Friday, 19 December 2014: 2:15 PM
Christohper Boxe1, Joachim Stock2, Ralph Lehmann3, Lee Grenfell4, A. Patzer5, Heike Rauer4,5 and Yuk L Yung6, (1)CUNY Graduate Center, Chemistry Division, Earth and Environmental Science Division,, Manhattan, NY, United States, (2)Instituto de Astrofísica de Andalucía-CSIC Glorieta de la Astronomía, Granada, Spain, (3)Alfred-Wegener-Institut Helmholtz-Zentrum fur Polar- und Meeresforschung, Bremerhaven, Germany, (4)Institut fur Planetenforschung, Deutsches Zentrum fur Luft- und Raumfahrt, Berlin, Germany, (5)Zentrum fur Astronomie und Astrophysik, Berlin, Germany, (6)California Institute of Technology, Pasadena, CA, United States
Abstract:
Ozone is a species of major importance in the Martian atmosphere e.g. since it is involved in the stabilization of Mars' major atmospheric constituent carbon dioxide. Below XX km altitude, ozone acts as an atomic oxygen source, which is produced by photolysis and oxidizes carbon monoxide via catalytic cycles involving odd hydrogen (HO$_x$=H+OH+HO$_2$). Originating mainly from H$_2$O photolysis, odd hydrogen destroys ozone resulting in the observed anti-correlation between water vapor and ozone. Compared with species from the HO$_x$-family, ozone is relatively easy to detect by e.g. UV spectroscopy or IR heterodyne spectroscopy. Similar to carbon dioxide, the concentration of ozone can be critically influenced by chemical trace species acting as catalysts in chemical pathways. The identification of such chemical pathways in complex reaction networks and the quantification of their contribution is in general challenging. Therefore, we use an automated computer algorithm (PAP - Pathway Analysis Program), which is specifically designed to address such problems.

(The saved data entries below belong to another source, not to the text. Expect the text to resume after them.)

section \<open>The observer error\<close>

lemma observer_estimate_has_vec_derivative:
  fixes A :: "real mat"
  assumes A: "A \<in> carrier_mat n n" and c: "c \<in> carrier_vec n" and b: "b \<in> carrier_vec n"
    and Ci: "Ci \<in> carrier_mat n n" "Ci * obsv_mat n c A = 1\<^sub>m n"
    and th: "\<And>s. s \<ge> 0 \<Longrightarrow> th s \<in> carrier_vec n" and t: "t \<ge> 0"
    and th': "has_vec_derivative n th (transpose_mat A *\<^sub>v th t + w \<cdot>\<^sub>v c) (at t within {0..})"
  shows "has_vec_derivative n (\<lambda>s. (Ci * obsv_mat n (th s) A) *\<^sub>v b)
      (A *\<^sub>v ((Ci * obsv_mat n (th t) A) *\<^sub>v b) + w \<cdot>\<^sub>v b) (at t within {0..})"
proof -
  define L where "L = Ci * transpose_mat (ctrb_mat n A b)"
  have L: "L \<in> carrier_mat n n" using Ci by (simp add: L_def)
  have est: "(Ci * obsv_mat n v A) *\<^sub>v b = L *\<^sub>v v" if "v \<in> carrier_vec n" for v
  proof -
    have "(Ci * obsv_mat n v A) *\<^sub>v b = Ci *\<^sub>v (obsv_mat n v A *\<^sub>v b)"
      using Ci b by (intro assoc_mult_mat_vec) auto
    also have "\<dots> = Ci *\<^sub>v (transpose_mat (ctrb_mat n A b) *\<^sub>v v)"
      using A b that by (simp add: obsv_mat_mult_vec)
    also have "\<dots> = L *\<^sub>v v"
      unfolding L_def using Ci that by (intro assoc_mult_mat_vec[symmetric]) auto
    finally show ?thesis .
  qed
  have tht: "th t \<in> carrier_vec n" using th t by simp
  have "L *\<^sub>v (transpose_mat A *\<^sub>v th t) = (Ci * obsv_mat n (transpose_mat A *\<^sub>v th t) A) *\<^sub>v b"
    using A tht by (simp add: est)
  also have "\<dots> = ((Ci * obsv_mat n (th t) A) * A) *\<^sub>v b"
    using obsv_mat_mult_commuting[OF A A refl tht] Ci A by (simp add: assoc_mult_mat[of Ci n n _ n A n])
  also have "\<dots> = A *\<^sub>v ((Ci * obsv_mat n (th t) A) *\<^sub>v b)"
    using obsv_mat_left_inverse_mult_commute[OF A c tht Ci] A Ci b
    by (simp add: assoc_mult_mat_vec[of A n n _ n b])
  finally have LA: "L *\<^sub>v (transpose_mat A *\<^sub>v th t) = A *\<^sub>v ((Ci * obsv_mat n (th t) A) *\<^sub>v b)" .
  have Lc: "L *\<^sub>v (w \<cdot>\<^sub>v c) = w \<cdot>\<^sub>v b"
    using L c Ci b by (simp add: mult_mat_vec[of _ n n] est[OF c, symmetric] flip: assoc_mult_mat_vec)
  have "has_vec_derivative n (\<lambda>s. L *\<^sub>v th s) (L *\<^sub>v (transpose_mat A *\<^sub>v th t + w \<cdot>\<^sub>v c))
      (at t within {0..})"
    using A c tht t th' by (intro has_vec_derivative_mult_mat_vec[OF L th]) auto
  also have "L *\<^sub>v (transpose_mat A *\<^sub>v th t + w \<cdot>\<^sub>v c)
      = A *\<^sub>v ((Ci * obsv_mat n (th t) A) *\<^sub>v b) + w \<cdot>\<^sub>v b"
    using L A c tht by (simp add: mult_add_distrib_mat_vec[of _ n n] LA Lc)
  finally show ?thesis
    by (rule has_vec_derivative_transform_within) (simp_all add: est th t)
qed

lemma obs_canon_carrier: "obs_canon n ahat \<in> carrier_mat n n"
  by (simp add: obs_canon_def)

lemma c0_vec_carrier: "c0_vec n \<in> carrier_vec n"
  by (simp add: c0_vec_def)

lemma obsv_mat_c0_vec_index:
  assumes A: "A \<in> carrier_mat n n" and "i < n" "j < n"
  shows "obsv_mat n (c0_vec n) A $$ (i, j) = (A ^\<^sub>m i) $$ (0, j)"
proof -
  have "c0_vec n \<bullet> col (A ^\<^sub>m i) j = (\<Sum>k\<in>{0..<n}. (if k = 0 then 1 else 0) * (A ^\<^sub>m i) $$ (k, j))"
    using assms by (auto simp: scalar_prod_def c0_vec_def intro!: sum.cong)
  also have "\<dots> = (A ^\<^sub>m i) $$ (0, j)" using assms by (simp add: sum.remove[of _ 0])
  finally show ?thesis using assms by (simp add: obsv_mat_def)
qed
definition mix :: "real measure \<Rightarrow> real \<Rightarrow> real" where
  "mix F t = (\<integral>\<mu>. Ecdf (t / \<mu>) \<partial>F)"

definition Gcal :: "(real \<Rightarrow> real) set" where
  "Gcal = {G. \<exists>F. prob_space F \<and> sets F = sets borel \<and> measure F {1..} = 1 \<and> G = mix F}"

text \<open>FDR functional, with Inf of the empty set equal to +infinity (in ereal).\<close>
definition Tq :: "real \<Rightarrow> (real \<Rightarrow> real) \<Rightarrow> ereal" where
  "Tq q G = Inf {ereal t | t. 1 - G t \<ge> (1 / q) * (1 - Ecdf t)}"

text \<open>Empirical cdf of X_0, ..., X_(n-1) (the first n observations), with strict inequality.\<close>
definition emp_cdf :: "(nat \<Rightarrow> 'a \<Rightarrow> real) \<Rightarrow> nat \<Rightarrow> 'a \<Rightarrow> real \<Rightarrow> real" where
  "emp_cdf X n \<omega> t = card {i \<in> {..<n}. X i \<omega> < t} / real n"

end

theory Submission
  imports Defs
begin

text \<open>For \<open>t \<ge> 0\<close> a scale mixture satisfies \<open>1 - G(t) = e\<^sup>-\<^sup>t r(t)\<close> with
  \<open>r(t) = \<integral> exp (t (1 - 1/\<mu>)) dF(\<mu>)\<close>, and \<open>r\<close> is strictly increasing unless \<open>F\<close> is the point mass
  at 1, i.e. unless \<open>G = E\<close>. So the FDR condition reads \<open>r(t) \<ge> 1/q\<close>, it holds strictly just
  to the right of \<open>T\<^sub>q(G)\<close>, and it fails on \<open>[0, T\<^sub>q(G))\<close> with a margin that a finite grid
  controls uniformly. Both facts survive replacing \<open>G\<close> by an empirical cdf that is close to
  \<open>G\<close> at finitely many points, and by the strong law of large numbers (Hoeffding plus
  Borel-Cantelli) the empirical cdfs almost surely converge to \<open>G\<close> at every rational point.\<close>

lemma Tq_le: "1 / q * (1 - Ecdf t) \<le> 1 - g t \<Longrightarrow> Tq q g \<le> ereal t"
  unfolding Tq_def by (rule Inf_lower) auto

lemma Tq_ge: "(\<And>t. 1 / q * (1 - Ecdf t) \<le> 1 - g t \<Longrightarrow> a \<le> t) \<Longrightarrow> ereal a \<le> Tq q g"
  unfolding Tq_def by (rule Inf_greatest) auto

lemma Tq_lessE:
  assumes "Tq q g < ereal b"
  obtains t where "1 / q * (1 - Ecdf t) \<le> 1 - g t" "t < b"
  using assms unfolding Tq_def by (auto simp: Inf_less_iff)

lemma Ecdf_tail: "0 \<le> t \<Longrightarrow> 1 - Ecdf t = exp (- t)"
  by (simp add: Ecdf_def)

lemma Tq_condition_pos:
  assumes "q < 1" "0 < q" "0 \<le> g t" "1 / q * (1 - Ecdf t) \<le> 1 - g t"
  shows "0 < t"
proof (rule ccontr)
  assume "\<not> 0 < t"
  then have "1 < 1 / q * (1 - Ecdf t)" using assms(1,2) by (simp add: Ecdf_def)
  with assms(3,4) show False by linarith
qed

lemma grid_bracket:
  assumes "0 < d" "0 < t"
  shows "\<exists>j::nat. real j * d < t \<and> t \<le> real j * d + d"
proof
  define j where "j = nat (\<lceil>t / d\<rceil> - 1)"
  have "1 \<le> \<lceil>t / d\<rceil>" using assms by simp
  then have "real j = \<lceil>t / d\<rceil> - 1" by (simp add: j_def)
  then have "real j < t / d" "t / d \<le> real j + 1" by linarith+
  then show "real j * d < t \<and> t \<le> real j * d + d"
    using assms by (simp add: field_simps)
qed

context
  fixes q :: real and G r :: "real \<Rightarrow> real"
  assumes q: "0 < q" "q < 1"
    and G_nonneg: "\<And>t. 0 \<le> G t"
    and G_tail: "\<And>t. 0 \<le> t \<Longrightarrow> 1 - G t = exp (- t) * r t"
    and r_strict_mono: "\<And>s t. 0 \<le> s \<Longrightarrow> s < t \<Longrightarrow> r s < r t"
begin

lemma Tq_condition_iff: "1 / q * (1 - Ecdf t) \<le> 1 - G t \<longleftrightarrow> 0 \<le> t \<and> 1 / q \<le> r t"
proof (cases "0 \<le> t")
  case True
  then have "1 / q * (1 - Ecdf t) = exp (- t) * (1 / q)" by (simp add: Ecdf_tail)
  then show ?thesis using G_tail[OF True] True by (simp only: mult_le_cancel_left_pos[OF exp_gt_zero] simp_thms)
next
  case False
  then show ?thesis using Tq_condition_pos[of q G t] q G_nonneg[of t] by auto
qed

lemma eventually_Tq_less:
  fixes Gn Hn :: "nat \<Rightarrow> real \<Rightarrow> real"
  assumes b: "Tq q G < ereal b"
    and Gn_le_Hn: "\<And>n t. Gn n t \<le> Hn n t"
    and Hn_tendsto: "\<And>x. x \<in> \<rat> \<Longrightarrow> 0 \<le> x \<Longrightarrow> (\<lambda>n. Hn n x) \<longlonglongrightarrow> G x"
  shows "eventually (\<lambda>n. Tq q (Gn n) < ereal b) sequentially"
proof -
  obtain s where s: "0 \<le> s" "1 / q \<le> r s" "s < b"
    using Tq_lessE[OF b] Tq_condition_iff by metis
  obtain u where u: "u \<in> \<rat>" "s < u" "u < b"
    using Rats_dense_in_real[OF \<open>s < b\<close>] by blast
  have "exp (- u) * (1 / q) < exp (- u) * r u"
    using r_strict_mono[OF s(1) u(2)] s(2) by (intro mult_strict_left_mono) auto
  then have "G u < 1 - exp (- u) / q"
    using G_tail[of u] s u by simp
  with Hn_tendsto[of u] u s have "eventually (\<lambda>n. Hn n u < 1 - exp (- u) / q) sequentially"
    by (intro order_tendstoD) auto
  then show ?thesis
  proof eventually_elim
    case (elim n)
    then have "1 / q * (1 - Ecdf u) \<le> 1 - Gn n u"
      using Gn_le_Hn[of n u] s u by (simp add: Ecdf_tail)
    then have "Tq q (Gn n) \<le> ereal u" by (rule Tq_le)
    also have "ereal u < ereal b" using u by simp
    finally show ?case .
  qed
qed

In this work, we apply the PAP-algorithm to the results of the newly updated JPL/Caltech photochemical column model of the Martian atmosphere in order to investigate the Martian atmospheric ozone photochemistry. The efficiencies of individual ozone formation and destruction pathways are calculated for different atmospheric heights, by applying the algorithm to each vertical layer of the column model in turn.

The results of our investigations suggest that ozone is primarily produced by a Chapman-like mechanism, whereby atomic oxygen is produced by carbon dioxide photolysis instead of molecular oxygen photolysis. In the ozone layer at approximately 40 km altitude, ozone formation is chiefly dominated by a chemical pathway where atomic oxygen is supplied by vertical transport. Ozone consumption pathways involving ozone photolysis are most efficient except for a layer around 40 km altitude where the reaction between ozone and atomic hydrogen become more important. These findings are of particular importance to understand the dominating processes in Martian chemistry also in view of more complex modelling approaches.